Me

Me
At the beloved/hated writing vessel

Wednesday, 5 October 2016

Hopes and Dreams

Hopes And Dreams-A friend of mine from university came for a visit and
brought some pictures of me (us) during university days. We had lots of fun
looking at the pictures and remembering. The truth, though, is those
pictures made me a little sad. Especially my graduation picture. The young
girl in that picture had so many hopes and dreams but look at me now. Except
I know that I still have hopes and dreams. They have just changed with added
years and changing circumstances.

When I graduated from university, my main hope and dream was to obtain a
teaching position. Afterall, I had gone to university to become a teacher.
It didn't happen right away, though, as I didn't obtain a regular position
until the following January. In the meantime, I was a substitute teacher in
Medicine Hat. Then I got a phone call that they needed a teacher in Cold
Lake. Where on earth was Cold Lake? Side note. I have never been able to
shake the idea that somehow God was involved in getting me to Cold Lake.
When the superintendent called, he said that he had phoned the University of
Lethbridge and they gave him my name. If he wanted somebody just out of
university, why didn't he call Edmonton which is a lot closer than
Lethbridge is. Anyway, I needed a job so I trundled off to Cold Lake, not
really knowing where I was going, and my brief teaching career began.

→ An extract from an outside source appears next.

(* Let $n\in\mathbb N$, $w>0$, and $\overrightarrow{P}=(p_1,\dots,p_n)$ with $1\le p_1\le p_2\le\cdots\le p_n<\infty$. Let $\Delta^{\overrightarrow{P}}(\mathbb R^n)$ be the set of all bounded measurable functions $f:\mathbb R^n\to\mathbb R$ such that $\|(f(x_{\mathbf k}))_{\mathbf k\in\mathbb Z^n}\|_{\ell^{\overrightarrow P}_w}<\infty$ for every relatively separated set $(x_{\mathbf k})_{\mathbf k\in\mathbb Z^n}$ in $\mathbb R^n$. Then $\Delta^{\overrightarrow{P}}(\mathbb R^n)$ is a proper subspace of $L^{\overrightarrow{P}}(\mathbb R^n)$, and the map $\|f\|_{\Delta^{\overrightarrow P}}:=\big\|\big(f(\tfrac{\mathbf k}{w})\big)_{\mathbf k\in\mathbb Z^n}\big\|_{\ell^{\overrightarrow P}_w}$ is a seminorm on $\Delta^{\overrightarrow{P}}(\mathbb R^n)$.
   Context: The mixed norm Lebesgue space $L^{\overrightarrow P}(\mathbb R^n)$ consists of measurable $f:\mathbb R^n\to\mathbb R$ with $\|f\|_{\overrightarrow P}=\Big(\int_{\mathbb R}\cdots\Big(\int_{\mathbb R}\Big(\int_{\mathbb R}|f(x_1,\dots,x_n)|^{p_1}dx_1\Big)^{p_2/p_1}dx_2\Big)^{p_3/p_2}\cdots dx_n\Big)^{1/p_n}<\infty$. For a sequence $x=(x(k_1,\dots,k_n))_{\mathbf k\in\mathbb Z^n}$, the weighted mixed norm is $\|x\|_{\ell^{\overrightarrow P}_w}=\Big(\frac1w\sum_{k_n\in\mathbb Z}\cdots\Big(\frac1w\sum_{k_2\in\mathbb Z}\Big(\frac1w\sum_{k_1\in\mathbb Z}|x(k_1,\dots,k_n)|^{p_1}\Big)^{p_2/p_1}\Big)^{p_3/p_2}\cdots\Big)^{1/p_n}$. A countable set $\Gamma\subset\mathbb R^n$ is relatively separated with gap $\kappa>0$ if $\inf_{\mathbf x\in\mathbb R^n}\sum_{\gamma\in\Gamma}\chi_{B(\gamma;\kappa/2)}(\mathbf x)\ge1$ and $\sup_{\mathbf x\in\mathbb R^n}\sum_{\gamma\in\Gamma}\chi_{B(\gamma;\kappa/2)}(\mathbf x)<\infty$, where $B(\gamma;r)$ is the open cube (ball for $\|\cdot\|_\infty$) centered at $\gamma$ with side length $2r$; a relatively separated set $(x_{\mathbf k})_{\mathbf k\in\mathbb Z^n}$ means such a set indexed by $\mathbb Z^n$. *)

theory Defs
  imports "HOL-Analysis.Analysis"
begin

Once I was established in a fulltime teaching position, my next hope and
dream was like that of most young girls. I wanted to get married. Back then,
people actually got married before living together. After a couple of years
of teaching, I settled into what I thought would be a lengthy period as a
teacher, wife and, eventually, mother.

But I was so very, very wrong. After I came out of the coma, following the
brain stem stroke, my hopes and dreams had all radically changed. I woke up
only to discover that I was totally paralyzed and unable to speak. However,
the doctor did say that I would relearn to walk and talk and, to that end,
all my hopes and dreams were focused .

But then came the "complication". No matter what happened, I knew that I would never get better. My hopes and dreams died. I had no future that I even wanted to think about so I spent most of that period thinking about the past. And being depressed.

But then came September of 1985. I got saved. I knew that I knew that I knew that I would be healed. I was so excited. I thought that God would zap me at any minute and I would be the same as before. Little did I know how long it would be, or how much I would have to learn, before I get healed. As the years rolled by with no change in my condition, my zeal and excitement turned to dogged determination to stick it out. I can honestly say, though, that I have never given up on my hopes and dreams of a full recovery.

This past March, when I was starting to think that nothing will ever change, something did change. But not for the better. I was diagnosed with cancer . After I got over the shock, and after all hope of medical help was gone, in desperation, bordering on panic, I turned even more to God. I stuffed myself full of Bible verses for cancer patients and made confessions against the cancer. Recently, though, I have been trying to keep more of a balance between seeking healing for the cancer and seeking healing for everything else that is wrong with me. I can't help thinking that, once God heals the rest of me, the cancer will be gone as well.

So, as of today, that is how things stand. At the present time, most of my hopes and dreams are centered around my total healing, including the cancer. As for hopes and dreams for the future after I receive my healing, I don't really have any as I have no clue what God has planned for my future. From time to time, though, I can't help speculating.